* _Task description_:
When you output the entries, begin with the first line and end with the line containing "nat \<Rightarrow> 'e", keeping each line exactly as it is.

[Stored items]
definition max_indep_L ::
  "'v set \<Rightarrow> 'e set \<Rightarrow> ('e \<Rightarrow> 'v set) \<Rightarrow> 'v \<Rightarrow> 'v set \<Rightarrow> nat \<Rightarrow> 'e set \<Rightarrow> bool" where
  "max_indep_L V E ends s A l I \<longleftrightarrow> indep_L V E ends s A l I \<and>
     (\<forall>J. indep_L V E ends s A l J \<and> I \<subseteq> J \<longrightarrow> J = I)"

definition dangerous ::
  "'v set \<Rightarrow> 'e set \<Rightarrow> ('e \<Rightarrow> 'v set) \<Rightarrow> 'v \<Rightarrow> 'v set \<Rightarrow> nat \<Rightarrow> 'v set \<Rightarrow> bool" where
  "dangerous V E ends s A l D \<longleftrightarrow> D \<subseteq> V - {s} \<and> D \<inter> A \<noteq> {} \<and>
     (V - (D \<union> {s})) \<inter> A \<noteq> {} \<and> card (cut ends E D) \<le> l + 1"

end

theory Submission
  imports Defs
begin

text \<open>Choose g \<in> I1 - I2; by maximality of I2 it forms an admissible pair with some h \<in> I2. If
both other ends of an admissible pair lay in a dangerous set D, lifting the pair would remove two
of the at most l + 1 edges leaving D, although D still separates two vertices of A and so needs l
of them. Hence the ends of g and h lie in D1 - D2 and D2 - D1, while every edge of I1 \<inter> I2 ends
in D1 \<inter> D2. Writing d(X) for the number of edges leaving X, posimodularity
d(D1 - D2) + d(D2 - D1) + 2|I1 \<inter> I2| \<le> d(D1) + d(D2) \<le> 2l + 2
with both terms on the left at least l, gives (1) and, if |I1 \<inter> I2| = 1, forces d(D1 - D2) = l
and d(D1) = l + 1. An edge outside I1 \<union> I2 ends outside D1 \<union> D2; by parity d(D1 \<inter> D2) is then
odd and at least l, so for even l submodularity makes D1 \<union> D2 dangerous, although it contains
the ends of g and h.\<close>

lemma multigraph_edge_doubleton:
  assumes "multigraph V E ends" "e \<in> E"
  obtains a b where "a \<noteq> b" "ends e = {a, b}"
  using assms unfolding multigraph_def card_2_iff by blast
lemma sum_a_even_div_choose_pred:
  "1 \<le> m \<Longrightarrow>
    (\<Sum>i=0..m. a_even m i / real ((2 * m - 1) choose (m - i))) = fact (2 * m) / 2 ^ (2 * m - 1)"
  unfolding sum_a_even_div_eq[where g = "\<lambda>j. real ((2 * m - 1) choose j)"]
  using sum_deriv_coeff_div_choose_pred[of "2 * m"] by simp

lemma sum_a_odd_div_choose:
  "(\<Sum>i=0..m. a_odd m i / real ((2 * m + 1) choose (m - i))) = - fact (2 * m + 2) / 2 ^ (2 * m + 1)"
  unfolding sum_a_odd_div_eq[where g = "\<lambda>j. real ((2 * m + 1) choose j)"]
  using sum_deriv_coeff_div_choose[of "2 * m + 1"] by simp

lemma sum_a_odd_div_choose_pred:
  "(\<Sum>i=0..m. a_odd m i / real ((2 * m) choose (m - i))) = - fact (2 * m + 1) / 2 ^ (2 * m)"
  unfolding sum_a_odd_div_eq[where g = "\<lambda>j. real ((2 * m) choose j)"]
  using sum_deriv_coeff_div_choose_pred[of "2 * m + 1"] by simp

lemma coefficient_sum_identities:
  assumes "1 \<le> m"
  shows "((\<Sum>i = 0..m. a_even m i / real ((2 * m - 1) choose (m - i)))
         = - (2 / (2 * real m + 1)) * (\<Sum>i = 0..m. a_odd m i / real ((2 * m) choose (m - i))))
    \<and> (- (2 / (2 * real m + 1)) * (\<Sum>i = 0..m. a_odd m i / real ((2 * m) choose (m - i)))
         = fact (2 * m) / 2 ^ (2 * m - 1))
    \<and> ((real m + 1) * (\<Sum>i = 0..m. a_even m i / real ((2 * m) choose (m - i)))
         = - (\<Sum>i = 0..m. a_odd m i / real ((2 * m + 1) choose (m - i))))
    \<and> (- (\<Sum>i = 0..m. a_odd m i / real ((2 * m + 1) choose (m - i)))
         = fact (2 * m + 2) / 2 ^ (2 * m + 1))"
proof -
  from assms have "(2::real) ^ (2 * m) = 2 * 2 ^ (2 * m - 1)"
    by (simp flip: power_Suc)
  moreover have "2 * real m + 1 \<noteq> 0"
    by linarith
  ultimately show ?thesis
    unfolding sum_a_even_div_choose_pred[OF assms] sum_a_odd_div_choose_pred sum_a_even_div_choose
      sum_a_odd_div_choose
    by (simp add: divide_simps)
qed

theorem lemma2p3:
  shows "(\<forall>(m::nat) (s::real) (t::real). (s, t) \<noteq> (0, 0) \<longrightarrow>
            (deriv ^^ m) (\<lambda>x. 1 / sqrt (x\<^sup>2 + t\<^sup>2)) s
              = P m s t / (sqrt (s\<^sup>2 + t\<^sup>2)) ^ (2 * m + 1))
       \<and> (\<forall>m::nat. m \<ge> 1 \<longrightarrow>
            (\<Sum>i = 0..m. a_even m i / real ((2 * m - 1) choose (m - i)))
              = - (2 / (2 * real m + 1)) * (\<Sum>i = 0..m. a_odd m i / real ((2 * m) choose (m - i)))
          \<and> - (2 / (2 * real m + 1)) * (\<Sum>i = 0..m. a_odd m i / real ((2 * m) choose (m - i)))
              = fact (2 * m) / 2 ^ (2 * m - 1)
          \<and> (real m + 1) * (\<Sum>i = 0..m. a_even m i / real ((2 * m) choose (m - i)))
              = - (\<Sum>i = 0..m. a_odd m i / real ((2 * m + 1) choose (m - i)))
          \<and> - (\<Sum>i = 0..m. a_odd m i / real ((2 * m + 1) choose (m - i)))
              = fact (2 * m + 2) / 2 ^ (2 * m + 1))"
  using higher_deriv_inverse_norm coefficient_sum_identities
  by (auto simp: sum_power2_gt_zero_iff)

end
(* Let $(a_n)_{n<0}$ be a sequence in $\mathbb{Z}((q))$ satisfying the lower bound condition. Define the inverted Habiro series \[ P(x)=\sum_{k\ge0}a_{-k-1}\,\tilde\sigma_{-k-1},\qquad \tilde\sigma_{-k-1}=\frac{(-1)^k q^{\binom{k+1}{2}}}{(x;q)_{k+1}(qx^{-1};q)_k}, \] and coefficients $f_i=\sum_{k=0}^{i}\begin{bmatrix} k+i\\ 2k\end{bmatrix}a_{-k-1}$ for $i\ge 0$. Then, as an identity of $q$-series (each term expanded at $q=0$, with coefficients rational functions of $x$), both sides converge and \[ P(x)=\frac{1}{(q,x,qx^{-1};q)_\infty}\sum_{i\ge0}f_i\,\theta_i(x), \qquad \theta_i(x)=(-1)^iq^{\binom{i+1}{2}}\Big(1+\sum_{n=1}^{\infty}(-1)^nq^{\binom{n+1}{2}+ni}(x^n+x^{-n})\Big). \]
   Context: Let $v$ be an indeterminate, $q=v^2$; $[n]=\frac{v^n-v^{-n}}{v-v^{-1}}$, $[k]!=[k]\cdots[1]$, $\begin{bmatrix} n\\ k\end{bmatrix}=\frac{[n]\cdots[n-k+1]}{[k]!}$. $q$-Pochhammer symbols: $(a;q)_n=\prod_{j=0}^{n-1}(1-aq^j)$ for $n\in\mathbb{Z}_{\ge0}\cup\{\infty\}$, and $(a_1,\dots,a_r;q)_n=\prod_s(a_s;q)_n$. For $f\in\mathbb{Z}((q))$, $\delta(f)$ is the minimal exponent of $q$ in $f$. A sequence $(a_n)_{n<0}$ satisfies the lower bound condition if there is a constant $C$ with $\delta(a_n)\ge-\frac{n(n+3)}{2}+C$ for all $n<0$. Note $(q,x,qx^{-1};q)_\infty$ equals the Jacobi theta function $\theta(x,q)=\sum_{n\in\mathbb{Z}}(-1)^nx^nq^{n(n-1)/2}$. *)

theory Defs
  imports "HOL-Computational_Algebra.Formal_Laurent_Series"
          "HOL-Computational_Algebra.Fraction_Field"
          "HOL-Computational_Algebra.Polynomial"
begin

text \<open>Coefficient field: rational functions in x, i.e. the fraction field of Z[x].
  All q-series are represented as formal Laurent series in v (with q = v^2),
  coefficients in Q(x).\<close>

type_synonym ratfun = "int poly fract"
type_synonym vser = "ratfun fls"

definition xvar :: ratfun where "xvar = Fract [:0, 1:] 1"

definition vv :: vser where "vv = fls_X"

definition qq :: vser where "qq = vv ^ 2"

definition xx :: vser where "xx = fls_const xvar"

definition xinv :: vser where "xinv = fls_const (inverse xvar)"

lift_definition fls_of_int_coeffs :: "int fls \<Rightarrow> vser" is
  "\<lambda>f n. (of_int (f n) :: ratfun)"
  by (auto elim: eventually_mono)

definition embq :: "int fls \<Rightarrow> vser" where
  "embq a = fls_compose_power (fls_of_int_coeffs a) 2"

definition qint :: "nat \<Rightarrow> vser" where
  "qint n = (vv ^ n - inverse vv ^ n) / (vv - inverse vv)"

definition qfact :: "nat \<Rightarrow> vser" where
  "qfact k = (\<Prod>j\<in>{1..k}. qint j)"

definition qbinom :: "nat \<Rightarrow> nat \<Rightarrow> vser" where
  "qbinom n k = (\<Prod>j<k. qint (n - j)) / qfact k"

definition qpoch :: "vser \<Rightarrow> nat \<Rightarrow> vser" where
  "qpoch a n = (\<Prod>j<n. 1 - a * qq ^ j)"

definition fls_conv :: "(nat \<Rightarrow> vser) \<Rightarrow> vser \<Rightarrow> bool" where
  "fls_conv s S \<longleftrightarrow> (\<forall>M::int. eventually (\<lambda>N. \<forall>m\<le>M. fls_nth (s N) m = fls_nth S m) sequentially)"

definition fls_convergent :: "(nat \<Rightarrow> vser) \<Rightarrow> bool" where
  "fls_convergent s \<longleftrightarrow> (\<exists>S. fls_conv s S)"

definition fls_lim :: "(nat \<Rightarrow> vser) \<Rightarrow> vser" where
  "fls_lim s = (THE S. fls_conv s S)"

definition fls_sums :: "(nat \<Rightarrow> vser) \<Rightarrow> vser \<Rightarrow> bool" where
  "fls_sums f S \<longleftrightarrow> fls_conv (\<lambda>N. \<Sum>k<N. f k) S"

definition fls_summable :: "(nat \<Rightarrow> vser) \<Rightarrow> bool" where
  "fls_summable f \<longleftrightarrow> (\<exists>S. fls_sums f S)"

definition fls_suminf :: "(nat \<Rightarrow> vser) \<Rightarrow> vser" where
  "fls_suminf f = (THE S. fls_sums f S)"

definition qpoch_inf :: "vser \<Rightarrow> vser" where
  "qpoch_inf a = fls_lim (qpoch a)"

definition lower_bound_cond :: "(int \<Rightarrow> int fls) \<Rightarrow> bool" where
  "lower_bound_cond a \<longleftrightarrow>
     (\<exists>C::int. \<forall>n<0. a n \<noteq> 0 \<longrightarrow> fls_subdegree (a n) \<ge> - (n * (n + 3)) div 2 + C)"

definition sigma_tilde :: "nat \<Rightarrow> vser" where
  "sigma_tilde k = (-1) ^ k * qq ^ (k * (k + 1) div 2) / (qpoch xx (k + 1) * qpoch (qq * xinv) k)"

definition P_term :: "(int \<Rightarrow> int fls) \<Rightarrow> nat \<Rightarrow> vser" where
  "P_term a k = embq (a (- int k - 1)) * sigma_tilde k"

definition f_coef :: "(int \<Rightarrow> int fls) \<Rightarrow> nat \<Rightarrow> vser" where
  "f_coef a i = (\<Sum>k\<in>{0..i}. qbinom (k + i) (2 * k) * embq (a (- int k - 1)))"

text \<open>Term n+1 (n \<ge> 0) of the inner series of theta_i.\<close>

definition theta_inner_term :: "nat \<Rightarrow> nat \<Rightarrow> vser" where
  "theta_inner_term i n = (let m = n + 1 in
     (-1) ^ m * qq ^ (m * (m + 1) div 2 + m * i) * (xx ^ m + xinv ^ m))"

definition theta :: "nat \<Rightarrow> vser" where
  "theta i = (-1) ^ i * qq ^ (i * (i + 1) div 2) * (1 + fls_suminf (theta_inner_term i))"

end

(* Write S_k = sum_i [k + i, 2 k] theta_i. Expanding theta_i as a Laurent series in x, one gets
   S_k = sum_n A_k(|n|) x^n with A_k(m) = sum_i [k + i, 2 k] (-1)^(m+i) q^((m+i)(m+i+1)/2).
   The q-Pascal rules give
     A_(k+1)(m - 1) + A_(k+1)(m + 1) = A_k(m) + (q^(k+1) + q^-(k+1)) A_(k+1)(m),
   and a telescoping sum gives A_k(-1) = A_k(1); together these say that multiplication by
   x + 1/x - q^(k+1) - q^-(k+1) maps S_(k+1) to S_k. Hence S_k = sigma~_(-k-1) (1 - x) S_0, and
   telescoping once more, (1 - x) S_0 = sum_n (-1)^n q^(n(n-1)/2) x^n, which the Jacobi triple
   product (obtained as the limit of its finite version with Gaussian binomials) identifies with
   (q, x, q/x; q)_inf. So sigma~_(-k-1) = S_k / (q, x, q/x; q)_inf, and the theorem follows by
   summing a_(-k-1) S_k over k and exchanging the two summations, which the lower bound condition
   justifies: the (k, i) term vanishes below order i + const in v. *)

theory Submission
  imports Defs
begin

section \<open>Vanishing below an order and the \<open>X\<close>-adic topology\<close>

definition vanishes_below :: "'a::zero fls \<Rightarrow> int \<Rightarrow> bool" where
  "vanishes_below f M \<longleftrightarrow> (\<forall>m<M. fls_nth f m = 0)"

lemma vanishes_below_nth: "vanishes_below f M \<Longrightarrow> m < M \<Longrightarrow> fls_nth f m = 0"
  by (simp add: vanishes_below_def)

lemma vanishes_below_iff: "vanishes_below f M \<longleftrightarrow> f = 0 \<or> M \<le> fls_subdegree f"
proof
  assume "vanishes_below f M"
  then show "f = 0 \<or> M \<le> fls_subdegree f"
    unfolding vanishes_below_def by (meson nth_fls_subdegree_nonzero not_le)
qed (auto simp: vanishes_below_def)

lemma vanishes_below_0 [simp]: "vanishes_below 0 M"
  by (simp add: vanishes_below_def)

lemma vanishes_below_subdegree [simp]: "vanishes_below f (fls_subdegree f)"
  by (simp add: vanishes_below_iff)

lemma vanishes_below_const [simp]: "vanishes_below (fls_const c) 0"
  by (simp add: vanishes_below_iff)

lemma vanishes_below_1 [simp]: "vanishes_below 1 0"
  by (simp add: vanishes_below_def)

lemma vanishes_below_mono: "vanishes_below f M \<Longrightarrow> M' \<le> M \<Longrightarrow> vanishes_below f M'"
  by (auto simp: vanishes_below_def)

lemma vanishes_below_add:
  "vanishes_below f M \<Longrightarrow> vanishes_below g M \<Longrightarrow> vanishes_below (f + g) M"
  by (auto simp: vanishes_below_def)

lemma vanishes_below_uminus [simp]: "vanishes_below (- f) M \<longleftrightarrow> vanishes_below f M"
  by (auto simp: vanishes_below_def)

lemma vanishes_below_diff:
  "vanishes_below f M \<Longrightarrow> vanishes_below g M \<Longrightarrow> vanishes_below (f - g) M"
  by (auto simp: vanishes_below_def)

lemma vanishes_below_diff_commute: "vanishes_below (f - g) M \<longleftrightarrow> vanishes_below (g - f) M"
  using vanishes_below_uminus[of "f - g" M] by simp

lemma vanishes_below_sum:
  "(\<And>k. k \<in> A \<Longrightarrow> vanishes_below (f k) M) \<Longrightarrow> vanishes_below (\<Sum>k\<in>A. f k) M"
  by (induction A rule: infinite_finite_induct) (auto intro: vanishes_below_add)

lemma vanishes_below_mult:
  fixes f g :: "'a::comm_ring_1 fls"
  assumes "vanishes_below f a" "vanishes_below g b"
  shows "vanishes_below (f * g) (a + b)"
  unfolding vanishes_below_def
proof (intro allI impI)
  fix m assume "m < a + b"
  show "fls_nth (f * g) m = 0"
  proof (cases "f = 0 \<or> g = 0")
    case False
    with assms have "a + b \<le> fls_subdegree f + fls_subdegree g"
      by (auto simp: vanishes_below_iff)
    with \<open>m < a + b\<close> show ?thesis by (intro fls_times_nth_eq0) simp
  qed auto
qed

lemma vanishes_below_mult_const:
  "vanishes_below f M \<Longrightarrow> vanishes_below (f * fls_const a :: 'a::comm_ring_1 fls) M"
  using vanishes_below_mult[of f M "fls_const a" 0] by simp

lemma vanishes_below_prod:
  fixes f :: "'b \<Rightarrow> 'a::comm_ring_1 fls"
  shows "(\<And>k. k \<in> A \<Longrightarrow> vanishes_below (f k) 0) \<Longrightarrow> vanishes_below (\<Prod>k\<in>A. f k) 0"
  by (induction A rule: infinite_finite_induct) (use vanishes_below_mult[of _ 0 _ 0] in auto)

* _Task output_:
definition max_indep_L ::
  "'v set \<Rightarrow> 'e set \<Rightarrow> ('e \<Rightarrow> 'v set) \<Rightarrow> 'v \<Rightarrow> 'v set \<Rightarrow> nat \<Rightarrow> 'e set \<Rightarrow> bool" where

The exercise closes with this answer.